• Collected data:
□ □ □ □

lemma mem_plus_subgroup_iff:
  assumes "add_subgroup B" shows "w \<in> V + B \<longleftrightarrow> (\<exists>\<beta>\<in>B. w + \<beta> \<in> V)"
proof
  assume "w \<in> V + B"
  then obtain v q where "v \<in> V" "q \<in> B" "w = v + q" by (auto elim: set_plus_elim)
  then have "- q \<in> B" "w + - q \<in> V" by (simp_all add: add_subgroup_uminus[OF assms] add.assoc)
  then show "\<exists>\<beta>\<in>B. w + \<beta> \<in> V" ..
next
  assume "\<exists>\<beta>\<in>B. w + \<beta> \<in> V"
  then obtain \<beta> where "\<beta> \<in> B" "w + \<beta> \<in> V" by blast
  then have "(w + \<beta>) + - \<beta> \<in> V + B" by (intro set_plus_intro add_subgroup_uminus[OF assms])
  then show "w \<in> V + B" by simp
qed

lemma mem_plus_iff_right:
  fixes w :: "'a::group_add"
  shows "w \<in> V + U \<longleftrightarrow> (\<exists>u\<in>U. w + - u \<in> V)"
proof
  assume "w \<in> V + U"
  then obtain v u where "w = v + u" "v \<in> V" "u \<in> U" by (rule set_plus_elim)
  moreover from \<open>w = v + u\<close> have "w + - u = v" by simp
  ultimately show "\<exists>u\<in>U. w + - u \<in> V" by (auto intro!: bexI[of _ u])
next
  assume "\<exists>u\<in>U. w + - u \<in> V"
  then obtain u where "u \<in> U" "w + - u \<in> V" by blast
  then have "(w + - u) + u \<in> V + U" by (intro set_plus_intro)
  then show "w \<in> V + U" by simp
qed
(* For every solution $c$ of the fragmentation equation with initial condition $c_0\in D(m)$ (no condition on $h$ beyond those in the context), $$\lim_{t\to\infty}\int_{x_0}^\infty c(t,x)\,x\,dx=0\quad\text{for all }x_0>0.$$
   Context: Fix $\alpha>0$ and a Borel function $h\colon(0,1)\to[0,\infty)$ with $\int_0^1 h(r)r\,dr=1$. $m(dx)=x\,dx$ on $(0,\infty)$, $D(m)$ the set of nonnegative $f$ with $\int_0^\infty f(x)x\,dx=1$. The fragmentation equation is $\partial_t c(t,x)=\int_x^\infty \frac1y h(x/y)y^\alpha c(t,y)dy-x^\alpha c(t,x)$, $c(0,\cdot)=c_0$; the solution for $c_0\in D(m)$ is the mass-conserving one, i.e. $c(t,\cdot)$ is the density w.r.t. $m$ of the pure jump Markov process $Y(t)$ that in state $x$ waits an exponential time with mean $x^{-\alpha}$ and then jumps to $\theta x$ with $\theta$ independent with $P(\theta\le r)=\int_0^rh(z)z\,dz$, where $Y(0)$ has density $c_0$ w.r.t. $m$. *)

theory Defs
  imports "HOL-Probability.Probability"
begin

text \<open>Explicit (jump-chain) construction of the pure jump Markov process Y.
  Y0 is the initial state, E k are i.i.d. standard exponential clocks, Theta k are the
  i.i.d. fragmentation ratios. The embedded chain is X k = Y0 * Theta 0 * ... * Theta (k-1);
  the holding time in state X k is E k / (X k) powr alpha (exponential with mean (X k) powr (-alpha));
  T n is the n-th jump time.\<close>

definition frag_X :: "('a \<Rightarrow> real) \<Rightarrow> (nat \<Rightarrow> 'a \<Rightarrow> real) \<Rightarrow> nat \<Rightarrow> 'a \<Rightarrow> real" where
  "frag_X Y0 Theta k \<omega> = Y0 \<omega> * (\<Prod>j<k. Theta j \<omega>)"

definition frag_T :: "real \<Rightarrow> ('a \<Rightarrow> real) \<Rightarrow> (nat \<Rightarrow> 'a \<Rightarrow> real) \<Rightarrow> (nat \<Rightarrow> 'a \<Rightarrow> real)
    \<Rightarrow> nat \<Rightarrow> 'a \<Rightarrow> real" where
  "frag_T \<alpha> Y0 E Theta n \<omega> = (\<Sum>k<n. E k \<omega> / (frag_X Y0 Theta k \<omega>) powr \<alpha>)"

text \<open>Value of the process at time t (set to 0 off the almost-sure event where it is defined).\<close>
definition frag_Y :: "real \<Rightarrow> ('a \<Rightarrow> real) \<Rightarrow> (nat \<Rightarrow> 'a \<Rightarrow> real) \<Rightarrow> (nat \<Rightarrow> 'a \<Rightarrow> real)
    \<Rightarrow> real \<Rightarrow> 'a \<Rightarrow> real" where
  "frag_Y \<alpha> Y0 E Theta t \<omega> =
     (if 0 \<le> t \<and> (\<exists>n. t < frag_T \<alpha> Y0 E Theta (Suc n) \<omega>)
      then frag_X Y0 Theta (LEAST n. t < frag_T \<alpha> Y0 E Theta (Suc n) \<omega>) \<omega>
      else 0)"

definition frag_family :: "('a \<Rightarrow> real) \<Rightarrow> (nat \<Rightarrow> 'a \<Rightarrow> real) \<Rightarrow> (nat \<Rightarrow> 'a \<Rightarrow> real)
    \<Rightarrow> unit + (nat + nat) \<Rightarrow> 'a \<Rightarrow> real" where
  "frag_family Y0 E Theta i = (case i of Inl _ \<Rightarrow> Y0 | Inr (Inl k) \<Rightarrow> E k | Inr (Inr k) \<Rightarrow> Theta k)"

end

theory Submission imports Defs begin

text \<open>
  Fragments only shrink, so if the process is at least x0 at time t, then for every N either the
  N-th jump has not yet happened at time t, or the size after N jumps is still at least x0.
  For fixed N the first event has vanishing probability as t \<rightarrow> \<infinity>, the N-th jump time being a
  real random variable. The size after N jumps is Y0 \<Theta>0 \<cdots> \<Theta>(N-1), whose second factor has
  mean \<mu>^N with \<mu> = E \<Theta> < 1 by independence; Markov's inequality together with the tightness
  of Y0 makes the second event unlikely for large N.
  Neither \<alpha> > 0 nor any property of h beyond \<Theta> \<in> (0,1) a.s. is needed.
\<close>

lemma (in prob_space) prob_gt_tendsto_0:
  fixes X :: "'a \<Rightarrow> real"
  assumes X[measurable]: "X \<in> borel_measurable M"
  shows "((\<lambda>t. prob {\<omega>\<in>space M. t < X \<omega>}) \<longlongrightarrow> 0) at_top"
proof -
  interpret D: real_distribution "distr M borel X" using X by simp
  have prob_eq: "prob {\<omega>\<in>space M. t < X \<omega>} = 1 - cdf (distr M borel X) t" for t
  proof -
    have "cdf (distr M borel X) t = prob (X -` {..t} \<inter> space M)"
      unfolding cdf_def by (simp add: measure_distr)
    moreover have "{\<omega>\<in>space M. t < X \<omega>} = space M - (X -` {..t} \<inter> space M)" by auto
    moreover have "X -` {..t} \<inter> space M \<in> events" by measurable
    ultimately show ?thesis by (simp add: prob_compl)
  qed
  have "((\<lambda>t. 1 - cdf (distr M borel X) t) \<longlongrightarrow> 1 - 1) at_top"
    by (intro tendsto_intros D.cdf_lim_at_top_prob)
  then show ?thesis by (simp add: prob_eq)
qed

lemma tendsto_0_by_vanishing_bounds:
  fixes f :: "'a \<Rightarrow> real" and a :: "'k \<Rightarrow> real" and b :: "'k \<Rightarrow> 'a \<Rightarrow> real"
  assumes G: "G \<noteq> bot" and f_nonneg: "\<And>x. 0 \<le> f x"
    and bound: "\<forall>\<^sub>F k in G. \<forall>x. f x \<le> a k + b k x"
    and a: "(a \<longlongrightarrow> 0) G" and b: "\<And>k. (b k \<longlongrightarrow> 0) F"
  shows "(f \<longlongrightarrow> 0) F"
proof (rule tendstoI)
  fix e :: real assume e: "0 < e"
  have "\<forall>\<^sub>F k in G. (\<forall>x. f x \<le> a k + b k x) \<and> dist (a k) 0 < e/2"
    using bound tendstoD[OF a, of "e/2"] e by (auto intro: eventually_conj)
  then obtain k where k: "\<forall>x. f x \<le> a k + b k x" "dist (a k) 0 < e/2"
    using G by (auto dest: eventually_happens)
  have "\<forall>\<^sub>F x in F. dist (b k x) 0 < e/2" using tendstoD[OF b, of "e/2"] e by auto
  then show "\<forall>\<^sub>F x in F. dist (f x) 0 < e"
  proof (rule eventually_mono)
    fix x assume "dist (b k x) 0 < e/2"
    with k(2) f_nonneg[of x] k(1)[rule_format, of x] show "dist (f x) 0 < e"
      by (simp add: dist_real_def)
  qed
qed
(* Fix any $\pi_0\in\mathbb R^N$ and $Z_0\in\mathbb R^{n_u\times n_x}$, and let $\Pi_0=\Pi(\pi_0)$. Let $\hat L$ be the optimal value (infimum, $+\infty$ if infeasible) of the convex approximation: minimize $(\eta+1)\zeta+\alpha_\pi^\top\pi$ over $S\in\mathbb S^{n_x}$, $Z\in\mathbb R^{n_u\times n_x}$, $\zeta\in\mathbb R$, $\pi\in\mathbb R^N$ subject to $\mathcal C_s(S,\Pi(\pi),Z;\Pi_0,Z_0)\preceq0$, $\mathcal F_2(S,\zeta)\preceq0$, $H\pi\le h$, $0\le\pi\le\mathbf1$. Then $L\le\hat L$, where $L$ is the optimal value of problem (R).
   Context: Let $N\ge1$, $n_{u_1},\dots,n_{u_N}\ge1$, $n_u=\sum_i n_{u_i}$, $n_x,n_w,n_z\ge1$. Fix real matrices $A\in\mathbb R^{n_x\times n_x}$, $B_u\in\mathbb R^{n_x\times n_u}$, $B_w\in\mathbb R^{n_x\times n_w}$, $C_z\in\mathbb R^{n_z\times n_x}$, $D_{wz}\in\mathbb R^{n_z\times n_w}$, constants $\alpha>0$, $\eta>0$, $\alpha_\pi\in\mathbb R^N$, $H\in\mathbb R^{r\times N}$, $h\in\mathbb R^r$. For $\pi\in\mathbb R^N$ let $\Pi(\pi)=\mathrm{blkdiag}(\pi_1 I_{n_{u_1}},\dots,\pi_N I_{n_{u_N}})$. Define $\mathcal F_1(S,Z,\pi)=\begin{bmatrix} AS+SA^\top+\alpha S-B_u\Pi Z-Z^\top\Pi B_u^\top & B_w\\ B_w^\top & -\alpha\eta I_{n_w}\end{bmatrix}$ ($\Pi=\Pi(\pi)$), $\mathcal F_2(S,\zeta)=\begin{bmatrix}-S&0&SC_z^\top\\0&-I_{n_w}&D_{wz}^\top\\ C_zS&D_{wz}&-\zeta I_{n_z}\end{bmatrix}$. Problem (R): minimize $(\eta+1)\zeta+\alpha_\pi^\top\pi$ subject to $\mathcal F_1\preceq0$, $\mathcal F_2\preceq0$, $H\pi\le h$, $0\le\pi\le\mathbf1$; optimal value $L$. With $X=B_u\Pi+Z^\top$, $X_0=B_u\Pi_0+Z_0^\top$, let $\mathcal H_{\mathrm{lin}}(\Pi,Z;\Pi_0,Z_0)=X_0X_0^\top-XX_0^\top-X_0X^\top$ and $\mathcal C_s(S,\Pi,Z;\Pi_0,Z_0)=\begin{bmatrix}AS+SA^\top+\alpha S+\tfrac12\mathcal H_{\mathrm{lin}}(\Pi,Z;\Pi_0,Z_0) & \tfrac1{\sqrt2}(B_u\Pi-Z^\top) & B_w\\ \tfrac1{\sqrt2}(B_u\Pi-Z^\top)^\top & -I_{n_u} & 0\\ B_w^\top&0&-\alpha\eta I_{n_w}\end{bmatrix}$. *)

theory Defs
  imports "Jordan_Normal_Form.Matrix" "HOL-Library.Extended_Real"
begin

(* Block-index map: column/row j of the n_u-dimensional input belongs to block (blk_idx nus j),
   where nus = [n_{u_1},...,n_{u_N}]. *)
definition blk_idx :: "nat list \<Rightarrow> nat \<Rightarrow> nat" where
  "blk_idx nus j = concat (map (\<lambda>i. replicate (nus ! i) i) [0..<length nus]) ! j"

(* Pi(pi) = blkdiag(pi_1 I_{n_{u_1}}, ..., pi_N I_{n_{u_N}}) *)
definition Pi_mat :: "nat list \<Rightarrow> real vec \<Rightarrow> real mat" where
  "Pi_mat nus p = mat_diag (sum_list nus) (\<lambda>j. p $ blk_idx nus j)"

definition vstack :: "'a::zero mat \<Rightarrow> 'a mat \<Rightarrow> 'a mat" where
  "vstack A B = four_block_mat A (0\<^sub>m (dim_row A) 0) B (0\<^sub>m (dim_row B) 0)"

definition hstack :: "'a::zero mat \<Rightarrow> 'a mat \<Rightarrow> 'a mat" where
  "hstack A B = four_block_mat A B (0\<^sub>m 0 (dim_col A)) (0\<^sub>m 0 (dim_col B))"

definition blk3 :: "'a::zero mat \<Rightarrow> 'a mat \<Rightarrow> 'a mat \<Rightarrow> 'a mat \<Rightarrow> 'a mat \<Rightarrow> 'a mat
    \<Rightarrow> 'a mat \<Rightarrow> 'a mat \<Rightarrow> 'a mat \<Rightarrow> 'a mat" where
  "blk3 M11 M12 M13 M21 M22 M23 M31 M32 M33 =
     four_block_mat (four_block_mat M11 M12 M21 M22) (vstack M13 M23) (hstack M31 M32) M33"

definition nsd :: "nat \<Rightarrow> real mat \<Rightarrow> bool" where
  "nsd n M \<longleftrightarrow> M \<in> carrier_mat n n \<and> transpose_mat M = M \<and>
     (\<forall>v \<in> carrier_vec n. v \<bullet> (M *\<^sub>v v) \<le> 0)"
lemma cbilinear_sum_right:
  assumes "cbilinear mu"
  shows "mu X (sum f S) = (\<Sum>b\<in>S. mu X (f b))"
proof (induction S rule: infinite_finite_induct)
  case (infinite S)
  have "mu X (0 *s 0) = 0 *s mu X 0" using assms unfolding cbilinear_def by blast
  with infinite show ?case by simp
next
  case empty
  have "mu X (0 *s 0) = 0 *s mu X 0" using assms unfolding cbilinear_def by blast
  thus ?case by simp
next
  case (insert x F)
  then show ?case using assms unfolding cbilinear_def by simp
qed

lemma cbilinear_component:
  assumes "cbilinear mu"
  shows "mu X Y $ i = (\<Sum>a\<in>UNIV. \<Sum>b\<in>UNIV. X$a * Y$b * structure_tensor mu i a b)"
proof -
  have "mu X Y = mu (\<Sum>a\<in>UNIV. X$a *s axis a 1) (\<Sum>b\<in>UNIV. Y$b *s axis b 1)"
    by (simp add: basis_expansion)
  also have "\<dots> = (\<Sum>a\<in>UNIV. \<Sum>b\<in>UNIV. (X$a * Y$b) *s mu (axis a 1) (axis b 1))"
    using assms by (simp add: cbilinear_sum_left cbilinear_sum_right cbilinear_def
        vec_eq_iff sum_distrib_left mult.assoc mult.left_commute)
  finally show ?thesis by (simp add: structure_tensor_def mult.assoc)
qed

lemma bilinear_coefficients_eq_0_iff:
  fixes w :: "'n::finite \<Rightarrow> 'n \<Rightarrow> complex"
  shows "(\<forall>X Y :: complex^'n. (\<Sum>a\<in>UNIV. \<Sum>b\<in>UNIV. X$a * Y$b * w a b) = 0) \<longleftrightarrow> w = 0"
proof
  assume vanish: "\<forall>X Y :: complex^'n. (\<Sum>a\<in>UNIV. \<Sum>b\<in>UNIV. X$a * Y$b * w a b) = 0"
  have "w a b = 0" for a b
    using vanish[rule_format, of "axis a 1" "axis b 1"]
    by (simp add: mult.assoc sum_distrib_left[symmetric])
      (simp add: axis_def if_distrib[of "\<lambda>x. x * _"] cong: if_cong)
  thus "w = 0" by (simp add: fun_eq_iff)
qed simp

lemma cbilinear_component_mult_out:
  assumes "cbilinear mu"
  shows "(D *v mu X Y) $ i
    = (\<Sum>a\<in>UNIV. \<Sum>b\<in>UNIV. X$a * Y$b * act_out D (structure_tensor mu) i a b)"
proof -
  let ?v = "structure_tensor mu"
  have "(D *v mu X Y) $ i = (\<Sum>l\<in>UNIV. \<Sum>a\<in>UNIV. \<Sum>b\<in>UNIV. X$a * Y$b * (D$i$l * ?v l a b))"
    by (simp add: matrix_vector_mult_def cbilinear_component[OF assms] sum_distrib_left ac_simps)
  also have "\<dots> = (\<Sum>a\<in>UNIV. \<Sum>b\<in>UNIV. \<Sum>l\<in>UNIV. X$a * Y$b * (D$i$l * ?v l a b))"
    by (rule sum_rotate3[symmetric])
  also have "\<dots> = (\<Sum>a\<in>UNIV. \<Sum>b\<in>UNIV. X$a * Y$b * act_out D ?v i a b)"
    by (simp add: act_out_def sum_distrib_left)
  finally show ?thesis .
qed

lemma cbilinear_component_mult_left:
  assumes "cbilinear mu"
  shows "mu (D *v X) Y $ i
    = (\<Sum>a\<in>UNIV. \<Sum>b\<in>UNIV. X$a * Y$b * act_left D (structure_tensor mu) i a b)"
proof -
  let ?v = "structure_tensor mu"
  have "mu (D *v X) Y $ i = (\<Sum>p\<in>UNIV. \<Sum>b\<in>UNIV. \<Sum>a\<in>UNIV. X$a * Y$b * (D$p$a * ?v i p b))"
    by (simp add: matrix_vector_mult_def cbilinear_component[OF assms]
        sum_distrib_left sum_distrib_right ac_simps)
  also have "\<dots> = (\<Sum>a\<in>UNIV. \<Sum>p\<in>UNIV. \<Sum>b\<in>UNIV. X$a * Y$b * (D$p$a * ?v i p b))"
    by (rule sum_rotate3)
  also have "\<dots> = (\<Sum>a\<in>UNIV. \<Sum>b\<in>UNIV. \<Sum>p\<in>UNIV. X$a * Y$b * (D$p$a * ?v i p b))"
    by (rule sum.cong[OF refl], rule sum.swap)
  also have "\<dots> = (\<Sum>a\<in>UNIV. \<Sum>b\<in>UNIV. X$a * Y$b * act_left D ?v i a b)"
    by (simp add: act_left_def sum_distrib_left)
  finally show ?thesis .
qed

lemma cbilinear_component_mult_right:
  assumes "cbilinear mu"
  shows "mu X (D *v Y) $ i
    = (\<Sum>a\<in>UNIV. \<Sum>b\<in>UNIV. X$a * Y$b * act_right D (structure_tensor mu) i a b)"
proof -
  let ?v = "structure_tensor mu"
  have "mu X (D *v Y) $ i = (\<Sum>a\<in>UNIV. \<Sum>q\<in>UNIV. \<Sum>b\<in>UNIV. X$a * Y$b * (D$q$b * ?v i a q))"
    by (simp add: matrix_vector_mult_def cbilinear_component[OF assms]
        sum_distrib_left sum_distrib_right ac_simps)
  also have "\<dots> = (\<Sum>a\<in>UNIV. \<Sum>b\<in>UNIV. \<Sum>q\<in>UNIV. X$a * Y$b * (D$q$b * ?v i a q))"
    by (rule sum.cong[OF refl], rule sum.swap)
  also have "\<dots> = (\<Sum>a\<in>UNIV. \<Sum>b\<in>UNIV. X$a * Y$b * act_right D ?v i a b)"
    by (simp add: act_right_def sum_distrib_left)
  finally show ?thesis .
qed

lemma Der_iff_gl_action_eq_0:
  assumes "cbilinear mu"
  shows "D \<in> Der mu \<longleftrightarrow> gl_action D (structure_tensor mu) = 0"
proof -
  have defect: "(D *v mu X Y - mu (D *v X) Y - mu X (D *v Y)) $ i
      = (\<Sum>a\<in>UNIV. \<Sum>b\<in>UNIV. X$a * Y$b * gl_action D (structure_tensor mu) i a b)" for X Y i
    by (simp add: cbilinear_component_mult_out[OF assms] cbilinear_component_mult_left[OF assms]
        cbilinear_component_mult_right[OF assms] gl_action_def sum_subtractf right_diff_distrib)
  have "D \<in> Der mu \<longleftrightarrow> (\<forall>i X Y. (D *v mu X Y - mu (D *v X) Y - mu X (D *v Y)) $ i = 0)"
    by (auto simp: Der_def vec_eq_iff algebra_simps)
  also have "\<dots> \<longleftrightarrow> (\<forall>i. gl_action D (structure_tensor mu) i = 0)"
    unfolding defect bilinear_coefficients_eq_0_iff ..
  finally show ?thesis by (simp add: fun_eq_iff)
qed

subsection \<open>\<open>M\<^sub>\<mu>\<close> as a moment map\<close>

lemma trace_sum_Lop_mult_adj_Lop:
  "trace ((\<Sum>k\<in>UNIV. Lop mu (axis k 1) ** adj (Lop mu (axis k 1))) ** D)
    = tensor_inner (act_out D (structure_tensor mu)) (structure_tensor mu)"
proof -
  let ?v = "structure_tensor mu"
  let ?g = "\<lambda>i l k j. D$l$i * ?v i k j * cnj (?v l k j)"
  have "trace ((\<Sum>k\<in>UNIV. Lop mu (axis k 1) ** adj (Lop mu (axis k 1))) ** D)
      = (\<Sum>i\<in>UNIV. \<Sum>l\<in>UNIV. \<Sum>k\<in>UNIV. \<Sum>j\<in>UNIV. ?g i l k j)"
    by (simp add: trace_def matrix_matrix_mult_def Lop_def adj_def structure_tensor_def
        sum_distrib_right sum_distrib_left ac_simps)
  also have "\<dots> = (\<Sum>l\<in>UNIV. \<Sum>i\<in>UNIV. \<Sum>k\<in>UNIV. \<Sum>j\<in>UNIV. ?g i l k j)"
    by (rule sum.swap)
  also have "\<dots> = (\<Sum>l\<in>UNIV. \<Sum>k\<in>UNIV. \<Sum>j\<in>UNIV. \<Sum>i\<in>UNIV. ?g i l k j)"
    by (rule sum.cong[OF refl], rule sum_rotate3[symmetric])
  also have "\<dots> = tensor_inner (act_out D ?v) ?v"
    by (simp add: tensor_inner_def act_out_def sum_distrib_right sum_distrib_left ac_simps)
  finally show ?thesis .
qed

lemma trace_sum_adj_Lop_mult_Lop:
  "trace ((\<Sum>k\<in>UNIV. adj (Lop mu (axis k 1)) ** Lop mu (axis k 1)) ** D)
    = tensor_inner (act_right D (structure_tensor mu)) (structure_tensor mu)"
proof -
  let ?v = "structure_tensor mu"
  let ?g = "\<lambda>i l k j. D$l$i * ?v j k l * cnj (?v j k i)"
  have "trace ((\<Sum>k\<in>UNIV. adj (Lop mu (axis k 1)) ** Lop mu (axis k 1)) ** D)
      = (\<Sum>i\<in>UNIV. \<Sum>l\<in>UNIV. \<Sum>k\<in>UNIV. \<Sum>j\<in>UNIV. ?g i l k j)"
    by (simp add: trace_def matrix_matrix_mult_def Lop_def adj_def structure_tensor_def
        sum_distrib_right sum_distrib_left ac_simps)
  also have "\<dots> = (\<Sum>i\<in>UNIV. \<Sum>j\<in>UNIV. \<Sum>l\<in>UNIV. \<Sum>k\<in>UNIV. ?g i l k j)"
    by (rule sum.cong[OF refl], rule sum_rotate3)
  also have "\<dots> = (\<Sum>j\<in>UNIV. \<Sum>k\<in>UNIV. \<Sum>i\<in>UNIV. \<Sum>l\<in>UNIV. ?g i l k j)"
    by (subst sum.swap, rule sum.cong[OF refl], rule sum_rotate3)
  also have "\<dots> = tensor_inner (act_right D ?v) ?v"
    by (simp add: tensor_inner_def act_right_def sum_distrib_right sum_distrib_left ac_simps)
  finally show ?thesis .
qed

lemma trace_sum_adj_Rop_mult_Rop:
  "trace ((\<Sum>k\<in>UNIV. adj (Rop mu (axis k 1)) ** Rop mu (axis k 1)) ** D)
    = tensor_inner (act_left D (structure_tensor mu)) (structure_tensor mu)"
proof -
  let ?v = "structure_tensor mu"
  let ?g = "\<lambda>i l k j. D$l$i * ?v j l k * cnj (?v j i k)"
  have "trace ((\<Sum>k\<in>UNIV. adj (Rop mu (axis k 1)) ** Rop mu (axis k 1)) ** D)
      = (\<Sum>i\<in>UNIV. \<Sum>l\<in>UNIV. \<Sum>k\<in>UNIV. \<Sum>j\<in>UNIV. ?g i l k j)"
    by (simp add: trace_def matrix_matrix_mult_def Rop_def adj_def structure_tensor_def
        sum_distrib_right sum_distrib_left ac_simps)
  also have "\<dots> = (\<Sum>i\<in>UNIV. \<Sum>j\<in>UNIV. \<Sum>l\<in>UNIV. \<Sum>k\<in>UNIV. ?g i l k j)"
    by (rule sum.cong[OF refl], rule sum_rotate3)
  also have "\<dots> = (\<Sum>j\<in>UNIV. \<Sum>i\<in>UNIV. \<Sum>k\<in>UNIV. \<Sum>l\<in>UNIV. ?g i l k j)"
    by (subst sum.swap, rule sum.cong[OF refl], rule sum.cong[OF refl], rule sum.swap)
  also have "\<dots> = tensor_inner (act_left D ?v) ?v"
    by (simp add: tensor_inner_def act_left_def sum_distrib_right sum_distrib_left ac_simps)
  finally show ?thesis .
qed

□ □ □ □

Among the lines above, repeat exactly those from the line with "T n is the n-th jump time.\<close>" to the line with "real random variable.", counting both ends.

• TASK SOLUTION:
  T n is the n-th jump time.\<close>

definition frag_X :: "('a \<Rightarrow> real) \<Rightarrow> (nat \<Rightarrow> 'a \<Rightarrow> real) \<Rightarrow> nat \<Rightarrow> 'a \<Rightarrow> real" where
  "frag_X Y0 Theta k \<omega> = Y0 \<omega> * (\<Prod>j<k. Theta j \<omega>)"

definition frag_T :: "real \<Rightarrow> ('a \<Rightarrow> real) \<Rightarrow> (nat \<Rightarrow> 'a \<Rightarrow> real) \<Rightarrow> (nat \<Rightarrow> 'a \<Rightarrow> real)
    \<Rightarrow> nat \<Rightarrow> 'a \<Rightarrow> real" where
  "frag_T \<alpha> Y0 E Theta n \<omega> = (\<Sum>k<n. E k \<omega> / (frag_X Y0 Theta k \<omega>) powr \<alpha>)"

text \<open>Value of the process at time t (set to 0 off the almost-sure event where it is defined).\<close>
definition frag_Y :: "real \<Rightarrow> ('a \<Rightarrow> real) \<Rightarrow> (nat \<Rightarrow> 'a \<Rightarrow> real) \<Rightarrow> (nat \<Rightarrow> 'a \<Rightarrow> real)
    \<Rightarrow> real \<Rightarrow> 'a \<Rightarrow> real" where
  "frag_Y \<alpha> Y0 E Theta t \<omega> =
     (if 0 \<le> t \<and> (\<exists>n. t < frag_T \<alpha> Y0 E Theta (Suc n) \<omega>)
      then frag_X Y0 Theta (LEAST n. t < frag_T \<alpha> Y0 E Theta (Suc n) \<omega>) \<omega>
      else 0)"

definition frag_family :: "('a \<Rightarrow> real) \<Rightarrow> (nat \<Rightarrow> 'a \<Rightarrow> real) \<Rightarrow> (nat \<Rightarrow> 'a \<Rightarrow> real)
    \<Rightarrow> unit + (nat + nat) \<Rightarrow> 'a \<Rightarrow> real" where
  "frag_family Y0 E Theta i = (case i of Inl _ \<Rightarrow> Y0 | Inr (Inl k) \<Rightarrow> E k | Inr (Inr k) \<Rightarrow> Theta k)"

end

theory Submission imports Defs begin

text \<open>
  Fragments only shrink, so if the process is at least x0 at time t, then for every N either the
  N-th jump has not yet happened at time t, or the size after N jumps is still at least x0.
  For fixed N the first event has vanishing probability as t \<rightarrow> \<infinity>, the N-th jump time being a
  real random variable. The size after N jumps is Y0 \<Theta>0 \<cdots> \<Theta>(N-1), whose second factor has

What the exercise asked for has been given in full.